> **DIRECTIONS**
Please retype the line that contains "using lin_exact_mult_zero[OF gp[OF" and all lines that follow it to the end of the entries below, exactly as they stand, with nothing added.

[Records contained in a dataset]
lemma ext_mor_to_trivial_ext_ge2:
  assumes i: "2 \<le> i" and e: "is_ext Q i X Y e"
    and r: "is_hom Q (fst e ! 0) Y r" and rg: "\<And>v. v \<in> verts Q \<Longrightarrow> r v * (snd e ! 0) v = 1\<^sub>m (fst Y v)"
  shows "ext_mor Q i X Y e (trivial_ext i X Y)"
proof -
  let ?E = "ext_terms X Y e" and ?g = "snd e" and ?T = "ext_terms X Y (trivial_ext i X Y)"
  have LE: "length (fst e) = i" by (rule is_ext_length(1)[OF e])
  have E: "?E ! Suc j = fst e ! j" if "j < i" for j using that LE by (simp add: nth_append)
  have EX: "(fst e @ [X]) ! i = X" using LE by (simp add: nth_append)
  have T: "?T ! j = (if j \<le> 1 then Y else if i \<le> j then X else zero_rep)" if "j \<le> Suc i" for j
    by (rule trivial_ext_terms[OF i that])
  have g: "is_hom Q (?E ! j) (?E ! Suc j) (?g ! j)" if "j < Suc i" for j by (rule is_ext_homs[OF e that])
  define hs where "hs = map (\<lambda>j. if j = 0 then r else if j = i - 1 then ?g ! i else zero_mor (fst e ! j) zero_rep) [0..<i]"
  have H: "(id_mor Y # hs @ [id_mor X]) ! j = (if j = 0 then id_mor Y else if j = 1 then r
      else if j = i then ?g ! i else if j = Suc i then id_mor X else zero_mor (fst e ! (j - 1)) zero_rep)"
    if "j \<le> Suc i" for j
    using nth_Cons_append_single[of hs i j] that i by (auto simp: hs_def)
  show ?thesis
    unfolding ext_mor_def Let_def
  proof (intro conjI exI[of _ hs] allI impI ballI)
    show "is_ext Q i X Y (trivial_ext i X Y)"
      by (rule trivial_ext_is_ext) (use is_ext_reps[OF e] i in auto)
    show "is_hom Q (fst e ! j) (fst (trivial_ext i X Y) ! j) (hs ! j)" if j: "j < i" for j
    proof -
      have F: "fst (trivial_ext i X Y) ! j = ?T ! Suc j"
        using j length_trivial_ext(1)[OF i, of X Y] by (simp add: nth_append)
      have h: "hs ! j = (if j = 0 then r else if j = i - 1 then ?g ! i else zero_mor (fst e ! j) zero_rep)"
        using j by (simp add: hs_def)
      have last_map: "is_hom Q (fst e ! (i - 1)) X (?g ! i)"
        using g[of i] E[of "i - 1"] LE i by (simp add: nth_append)
      consider "j = 0" | "j = i - 1" "j \<noteq> 0" | "j \<noteq> 0" "j \<noteq> i - 1" by blast
      thus ?thesis
        by cases (use F h T[of "Suc j"] last_map i j r
            is_hom_zero_mor[OF is_ext_reps(3)[OF e j] is_rep_zero_rep] in auto)
    qed
    fix j v assume j: "j < Suc i" and v: "v \<in> verts Q"
    have t: "snd (trivial_ext i X Y) ! j = (if j = 0 then id_mor Y else if j = i then id_mor X
        else zero_mor (?T ! j) (?T ! Suc j))"
      by (rule trivial_ext_maps[OF i]) (use j in simp)
    note cg = is_hom_carrier[OF g v]
    consider "j = 0" | "j = i" | "j = i - 1" "0 < j" | "0 < j" "j < i - 1" using j i by linarith
    thus "((id_mor Y # hs @ [id_mor X]) ! Suc j) v * (snd e ! j) v
        = (snd (trivial_ext i X Y) ! j) v * ((id_mor Y # hs @ [id_mor X]) ! j) v"
    proof cases
      case 1 thus ?thesis using H[of 0] H[of 1] t rg[OF v] i by (simp add: id_mor_def)
    next
      case 2 thus ?thesis using H[of i] H[of "Suc i"] t cg[of i] i by (simp add: id_mor_def)
    next
      case 3 thus ?thesis using H[of j] H[of "Suc j"] t T[of j] T[of "Suc j"] E[of "j - 1"] EX
          is_ext_mult_zero[OF e v, of i] is_hom_carrier[OF r v] cg[of j] i
        by (auto simp: zero_mor_def zero_rep_def)
    next
      case 4 thus ?thesis using H[of j] H[of "Suc j"] t T[of j] T[of "Suc j"] E[of j] E[of "j - 1"]
          is_hom_carrier[OF r v] cg[of j]
        by (auto simp: zero_mor_def zero_rep_def)
    qed
  qed (use e LE in \<open>simp_all add: hs_def\<close>)
qed

lemma ext_mor_from_trivial_ext_1:
  assumes Q: "wf_quiver Q" and e: "is_ext Q 1 X Y ([E], [g, p])"
    and s: "is_hom Q X E s" and ps: "\<And>v. v \<in> verts Q \<Longrightarrow> p v * s v = 1\<^sub>m (fst X v)"
  shows "ext_mor Q 1 X Y (trivial_ext 1 X Y) ([E], [g, p])"
proof -
  obtain X: "is_rep Q X" and Y: "is_rep Q Y" and E: "is_rep Q E"
    and g: "is_hom Q Y E g" and p: "is_hom Q E X p"
    and gp: "\<And>v. v \<in> verts Q \<Longrightarrow> lin_exact (g v) (p v)"
    by (rule is_ext1E[OF e]) auto
  define h where "h = (\<lambda>v. four_block_mat (g v) (s v) (0\<^sub>m 0 (fst Y v)) (0\<^sub>m 0 (fst X v)))"
  note cg = is_hom_carrier[OF g] and cs = is_hom_carrier[OF s] and cp = is_hom_carrier[OF p]
  have ch: "h v \<in> carrier_mat (fst E v) (fst Y v + fst X v)" if "v \<in> verts Q" for v
    using four_block_carrier_mat[OF cg[OF that] zero_carrier_mat[of 0 "fst X v"]] by (simp add: h_def)
  have hom: "is_hom Q (dsum Y X) E h"
    unfolding is_hom_def
  proof (intro conjI ballI)
    fix b assume b: "b \<in> arrs Q"
    have t: "tgt Q b \<in> verts Q" and sr: "src Q b \<in> verts Q" using wf_quiverD[OF Q b] by auto
    note cYb = is_rep_carrier[OF Y b] and cXb = is_rep_carrier[OF X b] and cEb = is_rep_carrier[OF E b]
    have "h (tgt Q b) * snd (dsum Y X) b =
      four_block_mat (g (tgt Q b) * snd Y b) (s (tgt Q b) * snd X b) (0\<^sub>m 0 (fst Y (src Q b))) (0\<^sub>m 0 (fst X (src Q b)))"
      unfolding dsum_arr[OF Y X b] h_def
      by (subst mult_four_block_mat[OF cg[OF t] cs[OF t] zero_carrier_mat zero_carrier_mat cYb
            zero_carrier_mat zero_carrier_mat cXb]) (use cg[OF t] cs[OF t] cYb cXb in simp)
    also have "\<dots> = snd E b * h (src Q b)"
      unfolding h_def is_hom_comm[OF g b] is_hom_comm[OF s b]
      by (rule mult_row_block_mat[symmetric, OF cEb cg[OF sr] cs[OF sr]])
    finally show "h (tgt Q b) * snd (dsum Y X) b = snd E b * h (src Q b)" .
  qed (use ch in \<open>simp add: dsum_dim\<close>)
  have sq1: "h v * incl1_mat (fst Y v) (fst X v) = g v * 1\<^sub>m (fst Y v)" if v: "v \<in> verts Q" for v
  proof (rule eq_matI)
    fix a c assume "a < dim_row (g v * 1\<^sub>m (fst Y v))" "c < dim_col (g v * 1\<^sub>m (fst Y v))"
    hence a: "a < fst E v" and c: "c < fst Y v" using cg[OF v] by auto
    show "(h v * incl1_mat (fst Y v) (fst X v)) $$ (a, c) = (g v * 1\<^sub>m (fst Y v)) $$ (a, c)"
      unfolding index_mult_incl1_mat_right[OF ch[OF v] a c] using a c cg[OF v] cs[OF v] by (simp add: h_def)
  qed (use cg[OF v] ch[OF v] in auto)
  have sq2: "1\<^sub>m (fst X v) * proj2_mat (fst Y v) (fst X v) = p v * h v" if v: "v \<in> verts Q" for v
  proof -
    have "p v * h v = four_block_mat (p v * g v) (p v * s v) (0\<^sub>m 0 (fst Y v)) (0\<^sub>m 0 (fst X v))"
      unfolding h_def by (rule mult_row_block_mat[OF cp[OF v] cg[OF v] cs[OF v]])
    also have "\<dots> = proj2_mat (fst Y v) (fst X v)"
      using lin_exact_mult_zero[OF gp[OF v] cg[OF v] cp[OF v]] ps[OF v]
      by (intro eq_matI) (auto simp: proj2_mat_def)
    finally show ?thesis by simp
  qed
  have triv: "is_ext Q 1 X Y ([dsum Y X], [\<lambda>v. incl1_mat (fst Y v) (fst X v), \<lambda>v. proj2_mat (fst Y v) (fst X v)])"
    using trivial_ext_is_ext[OF order.refl X Y] unfolding trivial_ext_1 .
  show ?thesis
    unfolding trivial_ext_1 by (rule ext_mor_ext1I[OF triv e hom sq1 sq2])
qed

> **RESULT FOR THIS TASK**
      using lin_exact_mult_zero[OF gp[OF v] cg[OF v] cp[OF v]] ps[OF v]
      by (intro eq_matI) (auto simp: proj2_mat_def)
    finally show ?thesis by simp
  qed
  have triv: "is_ext Q 1 X Y ([dsum Y X], [\<lambda>v. incl1_mat (fst Y v) (fst X v), \<lambda>v. proj2_mat (fst Y v) (fst X v)])"
    using trivial_ext_is_ext[OF order.refl X Y] unfolding trivial_ext_1 .
  show ?thesis
    unfolding trivial_ext_1 by (rule ext_mor_ext1I[OF triv e hom sq1 sq2])
qed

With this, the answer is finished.